Our other paid advertisement, the Players of Utica ad, cost much more – $129.26 for the one ticket sold, plus the sacrifice of 25% of my program space. I decided to place the Players ad because it seemed to be perfectly targeted – up to 600 proven local theater-goers. If we attracted even 15 of them, it would be worthwhile, and if we didn’t we’d at least be supporting another local group.

I think mutual support makes sense – the healthier the local theater scene, the better for everyone. Representatives from Outcast International and Walk the Boards were among our audiences, but not a single Players Board member came. (It’s been suggested that I’ve insulted Players too many times to be surprised at this, but I’ve purchased a ticket for every show I’ve criticized. Paul Osterman says I have Chronic Bitchface Syndrome, so it might not even be my fault.)

Word of mouth is still the most effective draw in small theater. One group I’ve worked with says that each person in the cast is worth 8 tickets sold. The God Game seems right on track with that – 28 people came because of word of mouth, likely because they knew someone in the cast of 3. (I drew 7 who knew me, and my more-popular castmates surely made up the difference.)

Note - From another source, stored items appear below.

lemma shift_adj_common_neighbour_unique:
  assumes "fst P \<noteq> snd P" "fst Q \<noteq> snd Q" "fst S \<noteq> snd S" "fst T \<noteq> snd T"
    and "shift_adj Q S" "shift_adj P Q" "shift_adj P S" "shift_adj T Q" "shift_adj T S"
  shows "T = P"
  using assms by (cases P; cases Q; cases S; cases T) (auto simp: shift_adj_def)

lemma shift_triangle_out_in:
  assumes "fst P \<noteq> snd P" "fst Q \<noteq> snd Q" "fst S \<noteq> snd S"
    and "shift_adj P Q" "shift_adj P S" "shift_adj Q S"
  shows "(fst Q = snd P) \<noteq> (fst S = snd P)"
  using assms by (cases P; cases Q; cases S) (auto simp: shift_adj_def)

definition shift_labelling :: "'a graph \<Rightarrow> ('a \<Rightarrow> nat \<times> nat) \<Rightarrow> bool" where
  "shift_labelling G f \<longleftrightarrow> (\<forall>v\<in>gverts G. fst (f v) \<noteq> snd (f v)) \<and>
     (\<forall>u v. u \<noteq> v \<and> {u, v} \<in> gedges G \<longrightarrow> shift_adj (f u) (f v))"

lemma shift_labellingD:
  assumes "shift_labelling G f"
  shows "v \<in> gverts G \<Longrightarrow> fst (f v) \<noteq> snd (f v)"
    and "{u, v} \<in> gedges G \<Longrightarrow> u \<noteq> v \<Longrightarrow> shift_adj (f u) (f v)"
  using assms by (simp_all add: shift_labelling_def)

lemma shift_graph_vertexI:
  "fst P \<noteq> snd P \<Longrightarrow> fst P \<in> {1..m} \<Longrightarrow> snd P \<in> {1..m} \<Longrightarrow> P \<in> gverts (shift_graph m)"
  by (cases P) (auto simp: shift_graph_def gverts_def)

lemma shift_graph_edgeI:
  "fst P \<noteq> snd P \<Longrightarrow> fst Q \<noteq> snd Q \<Longrightarrow> fst P \<in> {1..m} \<Longrightarrow> snd P \<in> {1..m}
    \<Longrightarrow> fst Q \<in> {1..m} \<Longrightarrow> snd Q \<in> {1..m} \<Longrightarrow> shift_adj P Q \<Longrightarrow> {P, Q} \<in> gedges (shift_graph m)"
  by (cases P; cases Q) (auto simp: shift_graph_def gedges_def shift_adj_def)

lemma shift_labelling_of_graph_hom:
  assumes "graph_hom f G (shift_graph m)"
  shows "shift_labelling G f"
  unfolding shift_labelling_def
proof (intro conjI allI impI ballI)
  fix v assume "v \<in> gverts G"
  then have "f v \<in> gverts (shift_graph m)" using assms by (simp add: graph_hom_def)
  then show "fst (f v) \<noteq> snd (f v)" by (auto simp: shift_graph_def gverts_def)
next
  fix u v assume "u \<noteq> v \<and> {u, v} \<in> gedges G"
  then have "{f u, f v} \<in> gedges (shift_graph m)" using assms by (simp add: graph_hom_def)
  then show "shift_adj (f u) (f v)"
    by (auto simp: shift_graph_def gedges_def shift_adj_def doubleton_eq_iff)
qed

section \<open>Orientations with two colours per closed out-neighbourhood\<close>

definition finite_graph :: "'a graph \<Rightarrow> bool" where
  "finite_graph G \<longleftrightarrow> finite (gverts G) \<and> (\<forall>e\<in>gedges G. e \<subseteq> gverts G)"

lemma finite_graph_edge_verts:
  "finite_graph G \<Longrightarrow> {u, v} \<in> gedges G \<Longrightarrow> u \<in> gverts G \<and> v \<in> gverts G"
  by (auto simp: finite_graph_def)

The biggest surprise was how many people responded to the Utica OD listings. I have to assume that although circulation is not what it used to be, those who still get the paper pay very close attention to it. (Several people who didn’t attend the show told me I was quoted in front page story that same weekend; the story had nothing to do with the play, unfortunately.)

What these numbers don’t reflect is any kind of scale factor. It seems likely that we maxed out our word-of-mouth potential for a single weekend, so that number probably wouldn’t keep increasing. Likewise, the Players of Utica ad would theoretically self-limit at 600 or so. The real potential for larger audiences would therefore seem to be in posters, paid online ads, and the newspaper. (Note also that I didn’t use radio or television ads.) Given the results we saw, I’d focus much more on newspaper advertising next time.


It might seem like I’ve been complaining that nobody came to my show, or that I’m unhappy with how it turned out. Years ago, when Spring Farm CARES brought its brilliant production of St. Hugo of Central Park to NYC, we performed for mere handfuls of people. Philip Seymour Hoffman’s beloved Labyrinth Theater rarely makes money, despite its reputation. Live theater is struggling – it’s increasingly expensive to produce, with more competition for patrons than ever before.

I’m convinced it’s worth doing. I’d love it if you’d help me to figure out how.